### Action item
Return nothing except the lines from the one that contains "(intro cInf_greatest) (auto intro: less_imp_le)" through the end of the material below, each exactly as given.

### Input data
lemma separating_hyperplane_scaled_hull:
  fixes C G :: "'a::euclidean_space set"
  assumes "closed C" "convex C" "C \<noteq> {}" "compact G" "0 \<le> M"
    and "\<And>z. z \<in> C \<Longrightarrow> - z \<notin> scaled_hull M G"
  shows "\<exists>d m. 0 < m \<and> (\<forall>z\<in>C. m \<le> inner d z) \<and> (\<forall>v\<in>G. - m < M * inner d v)"
proof -
  obtain d b where "0 < b"
    and sep: "\<And>z w. z \<in> C \<Longrightarrow> w \<in> convex hull (insert 0 G) \<Longrightarrow> b < inner d z + M * inner d w"
    using separating_hyperplane_sum_scaled_hull[of C G M] assms by blast
  have sep_C: "b < inner d z" if "z \<in> C" for z
    using sep[OF that, of 0] by (simp add: hull_inc)
  have sep_G: "b - M * inner d v < inner d z" if "z \<in> C" "v \<in> G" for z v
    using sep[OF that(1), of v] that(2) by (simp add: hull_inc)
  define m where "m = Inf ((\<lambda>z. inner d z) ` C)"
  have "0 < m"
    unfolding m_def using \<open>C \<noteq> {}\<close> sep_C
    by (intro less_le_trans[OF \<open>0 < b\<close>] cInf_greatest) (auto intro: less_imp_le)
  moreover have "m \<le> inner d z" if "z \<in> C" for z
    unfolding m_def using that sep_C by (intro cInf_lower bdd_belowI[of _ b]) (auto intro: less_imp_le)
  moreover have "- m < M * inner d v" if "v \<in> G" for v
  proof -
    have "b - M * inner d v \<le> m"
      unfolding m_def using \<open>C \<noteq> {}\<close> sep_G[OF _ that] by (intro cInf_greatest) (auto intro: less_imp_le)
    then show ?thesis
      using \<open>0 < b\<close> by linarith
  qed
  ultimately show ?thesis
    by blast
qed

### Task response
      unfolding m_def using \<open>C \<noteq> {}\<close> sep_G[OF _ that] by (intro cInf_greatest) (auto intro: less_imp_le)
    then show ?thesis
      using \<open>0 < b\<close> by linarith
  qed
  ultimately show ?thesis
    by blast
qed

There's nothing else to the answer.